WORK REQUEST = A verbatim transcript of the lines below, starting at the first and ending with the one that holds "theory Defs", is what should be produced.

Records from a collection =
----

(* Let $f$ and $F$ be the density and CDF of the standard Gaussian distribution. For every $\alpha\in(0,1)$ and every $z\in\mathbb{R}$, $$\frac{f(z)|z|^\alpha}{(1-F(z))^{1-\alpha}} \le \frac{2}{\alpha}.$$ *)

theory Defs
  imports "HOL-Probability.Probability"
begin

definition std_normal_cdf :: "real \<Rightarrow> real" where
  "std_normal_cdf z = measure (density lborel std_normal_density) {..z}"

end

theory Submission
  imports Defs
begin

text \<open>
  On \<open>(z, z + h]\<close> the Gaussian density is at least \<open>f(|z| + h) = f(z) exp(-(h|z| + h^2/2))\<close>,
  so the choice \<open>h = 1 / max 1 |z|\<close> gives the Mills-ratio type bound
  \<open>1 - F(z) \<ge> exp(-3/2) f(z) / max 1 |z|\<close>. Inserted into the denominator it leaves
  \<open>f(z)^\<alpha> |z|^\<alpha> (max 1 |z|)^(1-\<alpha>) exp(3(1-\<alpha>)/2) \<le> max 1 |z| exp(-\<alpha>z^2/2) exp(3(1-\<alpha>)/2)\<close>,
  and the elementary inequalities \<open>\<alpha> \<le> exp(\<alpha>-1)\<close> and \<open>t exp(-t) \<le> exp(-1)\<close> bound this by \<open>2/\<alpha>\<close>.
\<close>

lemma std_normal_density_antimono:
  assumes "\<bar>x\<bar> \<le> \<bar>y\<bar>"
  shows "std_normal_density y \<le> std_normal_density x"
proof -
  have "x\<^sup>2 \<le> y\<^sup>2"
    using assms by (metis abs_ge_zero power2_abs power_mono)
  then show ?thesis
    unfolding std_normal_density_def by (simp add: divide_right_mono)
qed

lemma std_normal_density_shift:
  "std_normal_density (\<bar>z\<bar> + h) = exp (- (\<bar>z\<bar> * h + h\<^sup>2 / 2)) * std_normal_density z"
  unfolding std_normal_density_def
  by (simp add: power2_eq_square field_simps flip: exp_add)

lemma std_normal_density_le_exp: "std_normal_density z \<le> exp (- z\<^sup>2 / 2)"
proof -
  have "1 \<le> sqrt (2 * pi)"
    using pi_gt3 by simp
  then show ?thesis
    unfolding std_normal_density_def by (simp add: divide_le_eq)
qed

lemma std_normal_density_powr_le:
  assumes "0 \<le> \<alpha>"
  shows "std_normal_density z powr \<alpha> \<le> exp (- \<alpha> * z\<^sup>2 / 2)"
proof -
  have "std_normal_density z powr \<alpha> \<le> exp (- z\<^sup>2 / 2) powr \<alpha>"
    using assms std_normal_density_le_exp by (intro powr_mono2) auto
  then show ?thesis
    by (simp add: exp_powr_real ac_simps)
qed

lemma one_minus_std_normal_cdf:
  "1 - std_normal_cdf z = measure (density lborel std_normal_density) {z<..}"
proof -
  let ?M = "density lborel std_normal_density"
  interpret prob_space ?M
    by (rule prob_space_normal_density) simp
  have "space ?M - {..z} = {z<..}"
    by auto
  then show ?thesis
    unfolding std_normal_cdf_def using prob_compl[of "{..z}"] by simp
qed

lemma std_normal_tail_ge_shifted_density:
  assumes "0 < h"
  shows "h * std_normal_density (\<bar>z\<bar> + h) \<le> 1 - std_normal_cdf z"
proof -
  let ?M = "density lborel std_normal_density"
  interpret prob_space ?M
    by (rule prob_space_normal_density) simp
  have "ennreal (h * std_normal_density (\<bar>z\<bar> + h)) =
      (\<integral>\<^sup>+ x. ennreal (std_normal_density (\<bar>z\<bar> + h)) * indicator {z<..z+h} x \<partial>lborel)"
    using assms by (subst nn_integral_cmult_indicator) (auto simp: ennreal_mult mult.commute)
  also have "\<dots> \<le> (\<integral>\<^sup>+ x. ennreal (std_normal_density x) * indicator {z<..z+h} x \<partial>lborel)"
  proof (rule nn_integral_mono)
    fix x
    show "ennreal (std_normal_density (\<bar>z\<bar> + h)) * indicator {z<..z+h} x
        \<le> ennreal (std_normal_density x) * indicator {z<..z+h} x"
    proof (cases "x \<in> {z<..z+h}")
      case True
      then have "\<bar>x\<bar> \<le> \<bar>\<bar>z\<bar> + h\<bar>"
        using assms by auto
      then show ?thesis
        using True by (simp add: ennreal_leI std_normal_density_antimono)
    qed simp
  qed
  also have "\<dots> = ennreal (measure ?M {z<..z+h})"
    by (simp add: emeasure_density flip: emeasure_eq_measure)
  finally have "h * std_normal_density (\<bar>z\<bar> + h) \<le> measure ?M {z<..z+h}"
    by (simp add: ennreal_le_iff)
  also have "\<dots> \<le> measure ?M {z<..}"
    by (rule finite_measure_mono) auto
  finally show ?thesis
    by (simp add: one_minus_std_normal_cdf)
qed

lemma std_normal_tail_ge:
  "exp (- 3 / 2) * std_normal_density z / max 1 \<bar>z\<bar> \<le> 1 - std_normal_cdf z"
proof -
  define h where "h = 1 / max 1 \<bar>z\<bar>"
  have h: "0 < h" "h \<le> 1" "\<bar>z\<bar> * h \<le> 1"
    unfolding h_def by (auto simp: field_simps)
  then have "h\<^sup>2 \<le> 1"
    by (simp add: power_le_one)
  with h have "exp (- 3 / 2) \<le> exp (- (\<bar>z\<bar> * h + h\<^sup>2 / 2))"
    by simp
  then have "h * (exp (- 3 / 2) * std_normal_density z) \<le> h * std_normal_density (\<bar>z\<bar> + h)"
    using h by (simp add: std_normal_density_shift mult_right_mono)
  also have "\<dots> \<le> 1 - std_normal_cdf z"
    using h(1) by (rule std_normal_tail_ge_shifted_density)
  finally show ?thesis
    by (simp add: h_def)
qed

lemma powr_ratio_le_of_le:
  fixes K Q c b \<alpha> :: real
  assumes "0 < K" "0 < c" "c * K \<le> Q" "0 \<le> b" "\<alpha> \<le> 1"
  shows "K * b / Q powr (1 - \<alpha>) \<le> K powr \<alpha> * b / c powr (1 - \<alpha>)"
proof -
  have "(c * K) powr (1 - \<alpha>) \<le> Q powr (1 - \<alpha>)"
    using assms by (intro powr_mono2) auto
  then have cK: "c powr (1 - \<alpha>) * K powr (1 - \<alpha>) \<le> Q powr (1 - \<alpha>)"
    using assms by (simp add: powr_mult)
  have "K * b * c powr (1 - \<alpha>) = K powr \<alpha> * b * (c powr (1 - \<alpha>) * K powr (1 - \<alpha>))"
    using assms by (simp add: ac_simps flip: powr_add)
  also have "\<dots> \<le> K powr \<alpha> * b * Q powr (1 - \<alpha>)"
    using assms cK by (intro mult_left_mono) auto
  finally have "K * b * c powr (1 - \<alpha>) \<le> K powr \<alpha> * b * Q powr (1 - \<alpha>)" .
  then show ?thesis
    using assms by (simp add: divide_simps)
qed

lemma le_exp_diff_one: "x \<le> exp (x - 1 :: real)"
  using exp_ge_add_one_self[of "x - 1"] by simp

lemma mult_exp_neg_le: "t * exp (- t) \<le> exp (- 1 :: real)"
proof -
  have "t * exp (- t) \<le> exp (t - 1) * exp (- t)"
    by (simp add: le_exp_diff_one mult_right_mono)
  then show ?thesis
    by (simp flip: exp_add)
qed

lemma max_mult_exp_le:
  fixes \<alpha> a :: real
  assumes "0 < \<alpha>" "\<alpha> \<le> 1" "0 \<le> a"
  shows "max 1 a * exp (- \<alpha> * a\<^sup>2 / 2) * exp (3 / 2 * (1 - \<alpha>)) \<le> 2 / \<alpha>"
proof -
  have "\<alpha> * (max 1 a * exp (- \<alpha> * a\<^sup>2 / 2)) \<le> exp (\<alpha> - 1)"
  proof (cases "a \<le> 1")
    case True
    have "\<alpha> * exp (- \<alpha> * a\<^sup>2 / 2) \<le> \<alpha>"
      using assms by (intro mult_left_le) auto
    then show ?thesis
      using True le_exp_diff_one[of \<alpha>] by simp
  next
    case False
    let ?x = "\<alpha> * a * exp (- \<alpha> * a\<^sup>2 / 2)"
    have "?x\<^sup>2 = \<alpha> * ((\<alpha> * a\<^sup>2) * exp (- (\<alpha> * a\<^sup>2)))"
      by (simp add: power2_eq_square algebra_simps flip: exp_add)
    also have "\<dots> \<le> exp (\<alpha> - 1) * exp (- 1)"
      using assms by (intro mult_mono le_exp_diff_one mult_exp_neg_le) auto
    also have "\<dots> = (exp (\<alpha> / 2 - 1))\<^sup>2"
      by (simp add: power2_eq_square flip: exp_add)
    finally have "?x \<le> exp (\<alpha> / 2 - 1)"
      by (rule power2_le_imp_le) simp
    also have "\<dots> \<le> exp (\<alpha> - 1)"
      using assms by simp
    finally show ?thesis
      using False by (simp add: mult.assoc)
  qed
  then have "\<alpha> * (max 1 a * exp (- \<alpha> * a\<^sup>2 / 2)) * exp (3 / 2 * (1 - \<alpha>))
      \<le> exp (\<alpha> - 1) * exp (3 / 2 * (1 - \<alpha>))"
    by (rule mult_right_mono) simp
  also have "\<dots> \<le> exp (1 / 2)"
    using assms by (simp add: field_simps flip: exp_add)
  finally show ?thesis
    using assms exp_half_le2 by (simp add: field_simps)
qed

theorem lemma5:
  fixes \<alpha> z :: real
  assumes "0 < \<alpha>" and "\<alpha> < 1"
  shows "std_normal_density z * \<bar>z\<bar> powr \<alpha> / (1 - std_normal_cdf z) powr (1 - \<alpha>) \<le> 2 / \<alpha>"
proof -
  let ?K = "std_normal_density z" and ?m = "max 1 \<bar>z\<bar>"
  define c where "c = exp (- 3 / 2) / ?m"
  have "0 < ?K"
    by (simp add: normal_density_pos)
  have "c * ?K \<le> 1 - std_normal_cdf z"
    using std_normal_tail_ge[of z] by (simp add: c_def)
  then have "?K * \<bar>z\<bar> powr \<alpha> / (1 - std_normal_cdf z) powr (1 - \<alpha>)
      \<le> ?K powr \<alpha> * \<bar>z\<bar> powr \<alpha> / c powr (1 - \<alpha>)"
    using \<open>0 < ?K\<close> assms by (intro powr_ratio_le_of_le) (auto simp: c_def)
  also have "\<dots> = ?K powr \<alpha> * (\<bar>z\<bar> powr \<alpha> * ?m powr (1 - \<alpha>)) * exp (3 / 2 * (1 - \<alpha>))"
  proof -
    have "1 / c powr (1 - \<alpha>) = ?m powr (1 - \<alpha>) * exp (3 / 2 * (1 - \<alpha>))"
      by (simp add: c_def powr_divide exp_powr_real) (simp add: exp_minus field_simps)
    then show ?thesis
      by (metis mult.assoc times_divide_eq_right mult_1_right)
  qed
  also have "\<dots> \<le> exp (- \<alpha> * z\<^sup>2 / 2) * ?m * exp (3 / 2 * (1 - \<alpha>))"
  proof -
    have "\<bar>z\<bar> powr \<alpha> * ?m powr (1 - \<alpha>) \<le> ?m powr \<alpha> * ?m powr (1 - \<alpha>)"
      using assms by (intro mult_right_mono powr_mono2) auto
    also have "\<dots> = ?m"
      by (simp flip: powr_add)
    finally show ?thesis
      using assms by (intro mult_right_mono mult_mono std_normal_density_powr_le) auto
  qed
  also have "\<dots> \<le> 2 / \<alpha>"
    using max_mult_exp_le[of \<alpha> "\<bar>z\<bar>"] assms by (simp add: ac_simps)
  finally show ?thesis .
qed

end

----

YOUR RESPONSE =
(* Let $f$ and $F$ be the density and CDF of the standard Gaussian distribution. For every $\alpha\in(0,1)$ and every $z\in\mathbb{R}$, $$\frac{f(z)|z|^\alpha}{(1-F(z))^{1-\alpha}} \le \frac{2}{\alpha}.$$ *)

theory Defs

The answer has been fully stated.